These transitions can be as simple as words or phrases:
To contrast ideas: but, yet, nevertheless, however, on the other hand, in spite of, even so.
To extend ideas: furthermore, moreover, consequently, therefore, as a result, in addition, for instance, as an example
To support ideas: certainly, clearly, obviously, clearly, of course.
To concede ideas: admittedly, granted, it is true that.)
Note: Although many of these transitional words fit in the front of a sentence, some sound better in the middle. (If you're unsure about the positions of a sentence, click here.) This is especially true of "however." If you ever have an uncontrollable desire to begin a sentence with it, use "nevertheless" instead.)
Transitions can also take the form of ideas. For example, here's how to use a word hook:
1. Pick a key word from the last sentence in a paragraph.
2. Use that word in the first sentence of the next paragraph.
To see how a word hook works, let's say this is the last sentence of a paragraph:
A pet turtle makes a poor pillow but a good friend.
Now pick a key word from this sentence. Nouns are often best for this -- turtle, pillow, friend -- though almost anything will do as long as it leads to the next idea. Let's say friend is the key word, so we'll use it in the first sentence of the next paragraph:
These days, a friend can be difficult, even impossible, to find.
This can help you pull together the separate parts of your writing to form a unified whole. But be careful; forcing a hook that doesn't fit can make your writing awkward instead of fluent, which means you can hook paragraphs only when their ideas fit together naturally. This is also true of idea hooks, which are more subtle. Here's how to use an idea hook:
1. Pick a key term from the last sentence in a paragraph.
2. Change the wording but keep the idea.
3. Use that idea in the first sentence of the next paragraph.
To see how an idea hook works, let's say this is the last sentence of a paragraph:
A turtle-jumping contest undermines our society's most vital achievements.
1. Key term from the sentence (making sure it leads to the next idea):
society's most vital achievements
2. Change the wording but keep the idea:
society's most vital achievements = 181 TV channels and frozen pizza.
3. That idea in the first sentence of the next paragraph:
Each jump of each turtle brings us ever closer to the end of an era, when we sat in our recliners, eating frozen pizzas and flipping through 181 TV channels.

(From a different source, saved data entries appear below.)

(* For each $L\in\mathbb{N}$ let $(\eta^L(t))_{t\in\mathbb{Z}_+}$ be the RBB process with $L$ bins, with random initial state $\eta^L(0)\in\mathbb{Z}_+^L$ whose law is finitely exchangeable (invariant under permutations of the $L$ coordinates). Assume there is a probability measure $\mu$ on $\mathbb{Z}_+$ such that for every $n\in\mathbb{N}$ and all $\xi_1,\dots,\xi_n\in\mathbb{Z}_+$, $$\lim_{L\to\infty}\mathbb{P}(\eta^L_1(0)=\xi_1,\dots,\eta^L_n(0)=\xi_n)=\prod_{k=1}^n\mu(\{\xi_k\}).$$ Then for every $L$ and $t$ the law of $\eta^L(t)$ is finitely exchangeable, and for every $T\in\mathbb{N}$, every $n\in\mathbb{N}$ and all bounded functions $\Phi_1,\dots,\Phi_n:\mathbb{Z}_+^{T+1}\to\mathbb{R}$, $$\lim_{L\to\infty}\mathbb{E}\Big[\prod_{k=1}^n\Phi_k(\eta^L_k(0),\eta^L_k(1),\dots,\eta^L_k(T))\Big]=\prod_{k=1}^n\mathbb{E}\big[\Phi_k(\eta(0),\eta(1),\dots,\eta(T))\big],$$ where $(\eta(t))_{t\in\mathbb{Z}_+}$ is the nonlinear process with initial law $\eta(0)\sim\mu$.
   Context: Repeated Balls-into-Bins (RBB) process with $L$ bins: a Markov chain $(\eta^L(t))_{t\in\mathbb{Z}_+}$ on $\mathbb{Z}_+^L$. For $\eta\in\mathbb{Z}_+^L$ let $w(\eta):=(\mathbf{1}(\eta_1>0),\dots,\mathbf{1}(\eta_L>0))$ and $K(\eta):=\sum_{j=1}^L\mathbf{1}(\eta_j>0)$. If $\eta^L(t)=\eta$, then $\eta^L(t+1)=\eta-w(\eta)+B(\eta)$, where, conditionally on the past, $B(\eta)$ is multinomial with $K(\eta)$ trials and cell probabilities $(1/L,\dots,1/L)$; i.e. one ball is removed from every nonempty bin and each removed ball is placed independently in a uniformly chosen bin. The nonlinear process $(\eta(t))_{t\in\mathbb{Z}_+}$ takes values in $\mathbb{Z}_+$: $\eta(0)$ has a given distribution; given $\eta(t)$, set $\rho(t):=\mathbb{P}(\eta(t)>0)$, let $N_{t+1}$ be Poisson with mean $\rho(t)$ (mean $0$ meaning identically $0$), independent of everything before, and set $\eta(t+1):=\eta(t)-\mathbf{1}(\eta(t)>0)+N_{t+1}$. *)

theory Defs
  imports "HOL-Probability.Probability" "HOL-Combinatorics.Permutations"
begin

type_synonym config = "nat \<Rightarrow> nat"   (* bins indexed 0..L-1; value 0 outside *)

definition poi :: "real \<Rightarrow> nat pmf" where
  "poi r = (if 0 < r then poisson_pmf r else return_pmf 0)"

(* throw k balls independently and uniformly into bins 0..L-1 (multinomial increment) *)
fun add_balls :: "nat \<Rightarrow> nat \<Rightarrow> config \<Rightarrow> config pmf" where
  "add_balls L 0 \<eta> = return_pmf \<eta>"
| "add_balls L (Suc k) \<eta> =
     bind_pmf (add_balls L k \<eta>) (\<lambda>\<eta>'. map_pmf (\<lambda>j. \<eta>'(j := \<eta>' j + 1)) (pmf_of_set {..<L}))"

definition occ :: "nat \<Rightarrow> config \<Rightarrow> nat" where
  "occ L \<eta> = card {j. j < L \<and> 0 < \<eta> j}"

definition rbb_step :: "nat \<Rightarrow> config \<Rightarrow> config pmf" where
  "rbb_step L \<eta> = add_balls L (occ L \<eta>)
      (\<lambda>j. if j < L then \<eta> j - (if 0 < \<eta> j then 1 else 0) else 0)"

fun rbb_law :: "nat \<Rightarrow> config pmf \<Rightarrow> nat \<Rightarrow> config pmf" where
  "rbb_law L init 0 = init"
| "rbb_law L init (Suc t) = bind_pmf (rbb_law L init t) (rbb_step L)"

fun rbb_path :: "nat \<Rightarrow> config pmf \<Rightarrow> nat \<Rightarrow> config list pmf" where
  "rbb_path L init 0 = map_pmf (\<lambda>\<eta>. [\<eta>]) init"
| "rbb_path L init (Suc T) =
     bind_pmf (rbb_path L init T) (\<lambda>xs. map_pmf (\<lambda>\<eta>'. xs @ [\<eta>']) (rbb_step L (last xs)))"

(* joint law of the path [eta(0), ..., eta(T)] of the nonlinear process;
   rho(T) = P(eta(T) > 0) computed from the law of the last entry *)
fun nl_path :: "nat pmf \<Rightarrow> nat \<Rightarrow> nat list pmf" where
  "nl_path \<mu> 0 = map_pmf (\<lambda>x. [x]) \<mu>"
| "nl_path \<mu> (Suc T) =
     bind_pmf (nl_path \<mu> T) (\<lambda>xs.
       map_pmf (\<lambda>N. xs @ [last xs - (if 0 < last xs then 1 else 0) + N])
         (poi (measure_pmf.prob (nl_path \<mu> T) {ys. 0 < last ys})))"

end

theory Submission
  imports Defs "HOL-Real_Asymp.Real_Asymp"
begin

(* The proof is an induction on the time horizon T for the joint law of the paths of the
   first n bins, pointwise in the path values; convergence of bounded expectations then
   follows by Scheffe's lemma.  Given these n paths up to time T, their values at time T+1
   are produced by the K = occ balls thrown in the step, whose counts in the first n bins
   are multinomial; when K/L -> r they become independent Poisson(r) counts.  Exchangeability
   makes the occupied fraction K/L concentrate: its second moment around r is expressed by
   P(eta_0 > 0) and P(eta_0 > 0, eta_1 > 0), whose limits r and r^2 are the induction
   hypothesis for n = 1, 2.  Since r = P(eta(T) > 0) is exactly the Poisson parameter of
   the nonlinear process, the limit law factorizes. *)

lemma pmf_integrable_bounded:
  fixes f :: "'a \<Rightarrow> real"
  assumes "\<And>x. \<bar>f x\<bar> \<le> B"
  shows "integrable (measure_pmf p) f"
  using assms by (intro measure_pmf.integrable_const_bound[where B=B]) auto

lemma integrable_indicator_pmf: "integrable (measure_pmf M) (\<lambda>x. indicator A x :: real)"
  by (rule measure_pmf.integrable_const_bound[where B=1]) (auto simp: indicator_def)

lemma expectation_bind_pmf:
  fixes f :: "'b \<Rightarrow> real"
  assumes "\<And>y. \<bar>f y\<bar> \<le> B"
  shows "measure_pmf.expectation (bind_pmf M N) f
       = measure_pmf.expectation M (\<lambda>x. measure_pmf.expectation (N x) f)"
  unfolding measure_pmf_bind
  by (rule integral_bind[where K="count_space UNIV" and B=B and B'=1])
     (use assms in \<open>auto simp: measure_pmf.emeasure_space_1 measure_pmf_in_subprob_algebra
        intro: measure_pmf.prob_space_axioms prob_space.finite_measure\<close>)

lemma prob_bind_pmf:
  "measure_pmf.prob (bind_pmf M N) E = measure_pmf.expectation M (\<lambda>x. measure_pmf.prob (N x) E)"
  using expectation_bind_pmf[of "indicator E" 1 M N] by (simp add: indicator_def)

lemma abs_expectation_le:
  fixes f g :: "'a \<Rightarrow> real"
  assumes "\<And>x. \<bar>f x\<bar> \<le> g x" "\<And>x. g x \<le> B"
  shows "\<bar>measure_pmf.expectation M f\<bar> \<le> measure_pmf.expectation M g"
proof -
  have "\<bar>g x\<bar> \<le> B" for x using assms(1)[of x] assms(2)[of x] by linarith
  then have g: "integrable (measure_pmf M) g" by (rule pmf_integrable_bounded)
  have "\<bar>f x\<bar> \<le> B" for x using assms(1)[of x] assms(2)[of x] by linarith
  then have f: "integrable (measure_pmf M) f" by (rule pmf_integrable_bounded)
  have "\<bar>measure_pmf.expectation M f\<bar> \<le> measure_pmf.expectation M (\<lambda>x. \<bar>f x\<bar>)"
    by (rule integral_abs_bound)
  also have "\<dots> \<le> measure_pmf.expectation M g"
    using f g assms(1) by (intro integral_mono) auto
  finally show ?thesis .
qed

lemma expectation_abs_le_sqrt_square:
  fixes f :: "'a \<Rightarrow> real"
  assumes "\<And>x. \<bar>f x\<bar> \<le> B"
  shows "measure_pmf.expectation M (\<lambda>x. \<bar>f x\<bar>) \<le> sqrt (measure_pmf.expectation M (\<lambda>x. (f x)\<^sup>2))"
proof -
  have "\<bar>\<bar>f x\<bar>\<bar> \<le> B" "\<bar>\<bar>f x\<bar>\<^sup>2\<bar> \<le> B\<^sup>2" for x
    using assms[of x] abs_le_square_iff[of "f x" B] by (auto simp: abs_le_iff)
  then have "integrable (measure_pmf M) (\<lambda>x. \<bar>f x\<bar>)" "integrable (measure_pmf M) (\<lambda>x. \<bar>f x\<bar>\<^sup>2)"
    by (blast intro: pmf_integrable_bounded)+
  then have "(measure_pmf.expectation M (\<lambda>x. \<bar>f x\<bar>))\<^sup>2 \<le> measure_pmf.expectation M (\<lambda>x. (f x)\<^sup>2)"
    using measure_pmf.variance_positive[of M "\<lambda>x. \<bar>f x\<bar>"] measure_pmf.variance_eq[of M "\<lambda>x. \<bar>f x\<bar>"]
    by simp
  then show ?thesis by (simp add: real_le_rsqrt)
qed

lemma expectation_abs_tendsto_zero_if_square:
  fixes f :: "nat \<Rightarrow> 'a \<Rightarrow> real"
  assumes bounded: "\<And>L x. \<bar>f L x\<bar> \<le> B"
    and square: "(\<lambda>L. measure_pmf.expectation (M L) (\<lambda>x. (f L x)\<^sup>2)) \<longlonglongrightarrow> 0"
  shows "(\<lambda>L. measure_pmf.expectation (M L) (\<lambda>x. \<bar>f L x\<bar>)) \<longlonglongrightarrow> 0"
proof (rule real_tendsto_sandwich[OF _ _ tendsto_const])
  show "(\<lambda>L. sqrt (measure_pmf.expectation (M L) (\<lambda>x. (f L x)\<^sup>2))) \<longlonglongrightarrow> 0"
    using tendsto_real_sqrt[OF square] by simp
  show "\<forall>\<^sub>F L in sequentially. measure_pmf.expectation (M L) (\<lambda>x. \<bar>f L x\<bar>)
      \<le> sqrt (measure_pmf.expectation (M L) (\<lambda>x. (f L x)\<^sup>2))"
    by (intro always_eventually allI expectation_abs_le_sqrt_square[where B=B] bounded)
qed simp

lemma expectation_minus_finite_sum:
  fixes f :: "'a \<Rightarrow> real"
  assumes bounded: "\<And>x. \<bar>f x\<bar> \<le> B" and "finite F"
  shows "\<bar>measure_pmf.expectation M f - (\<Sum>x\<in>F. f x * pmf M x)\<bar> \<le> B * (1 - (\<Sum>x\<in>F. pmf M x))"
proof -
  have B: "0 \<le> B" using bounded[of undefined] by linarith
  have "\<bar>f x * indicator F x\<bar> \<le> B" "\<bar>f x * indicator (-F) x\<bar> \<le> B" for x
    using bounded[of x] B by (auto simp: indicator_def)
  then have int: "integrable M (\<lambda>x. f x * indicator F x)" "integrable M (\<lambda>x. f x * indicator (-F) x)"
    by (blast intro: pmf_integrable_bounded)+
  have "measure_pmf.expectation M f
      = measure_pmf.expectation M (\<lambda>x. f x * indicator F x + f x * indicator (-F) x)"
    by (intro Bochner_Integration.integral_cong) (auto simp: indicator_def)
  also have "\<dots> = measure_pmf.expectation M (\<lambda>x. f x * indicator F x)
      + measure_pmf.expectation M (\<lambda>x. f x * indicator (-F) x)"
    using int by simp
  also have "measure_pmf.expectation M (\<lambda>x. f x * indicator F x) = (\<Sum>x\<in>F. f x * pmf M x)"
    using \<open>finite F\<close> by (subst integral_measure_pmf_real[where A=F]) (auto simp: indicator_def)
  finally have split: "measure_pmf.expectation M f - (\<Sum>x\<in>F. f x * pmf M x)
      = measure_pmf.expectation M (\<lambda>x. f x * indicator (-F) x)" by simp
  have "\<bar>measure_pmf.expectation M (\<lambda>x. f x * indicator (-F) x)\<bar>
      \<le> measure_pmf.expectation M (\<lambda>x. B * indicator (-F) x)"
    using bounded B by (intro abs_expectation_le[where B=B]) (auto simp: indicator_def abs_mult)
  also have "\<dots> = B * (1 - (\<Sum>x\<in>F. pmf M x))"
    using measure_pmf.prob_compl[of F M] \<open>finite F\<close>
    by (simp add: measure_measure_pmf_finite Compl_eq_Diff_UNIV)
  finally show ?thesis unfolding split .
qed

lemma finite_set_pmf_sum_gt:
  fixes M :: "'a::countable pmf"
  assumes "0 < e"
  obtains F where "finite F" "1 - e < (\<Sum>x\<in>F. pmf M x)"
proof -
  define A where "A m = (from_nat ` {..<m} :: 'a set)" for m
  have "incseq A" unfolding A_def incseq_def by (auto intro: image_mono)
  moreover have "(\<Union>m. A m) = UNIV"
    unfolding A_def by (auto simp: image_iff) (metis from_nat_to_nat lessI lessThan_iff)
  ultimately have "(\<lambda>m. measure_pmf.prob M (A m)) \<longlonglongrightarrow> 1"
    using measure_pmf.finite_Lim_measure_incseq[of A M] by auto
  then have "eventually (\<lambda>m. 1 - e < measure_pmf.prob M (A m)) sequentially"
    using assms by (intro order_tendstoD) auto
  then obtain m where "1 - e < measure_pmf.prob M (A m)"
    by (metis eventually_sequentially order.refl)
  moreover have "finite (A m)" unfolding A_def by simp
  ultimately show ?thesis using that by (metis measure_measure_pmf_finite)
qed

Using transitional hooks this way to link ideas can help unify the structure and smooth the flow of any piece of writing.
If you follow a definite pattern of organization, it gives each idea-- whether the details within each paragraph or the paragraphs within the composition -- a sense of unity and order. This helps ensure that the ideas in your head remain clear when when they hit paper. Here three basic organizational patterns you can use:
1. Spatial: Organize ideas by space.
This pattern describes physical appearances by arranging details or paragraphs according to a set direction, moving from left-to-right or right-to-left, from top-to-bottom or bottom-to-top, from near-to-far or far-to-near-as long as it moves from one point to another point so you arrange your details in a consistent order.
2. Chronological: Organize ideas by time.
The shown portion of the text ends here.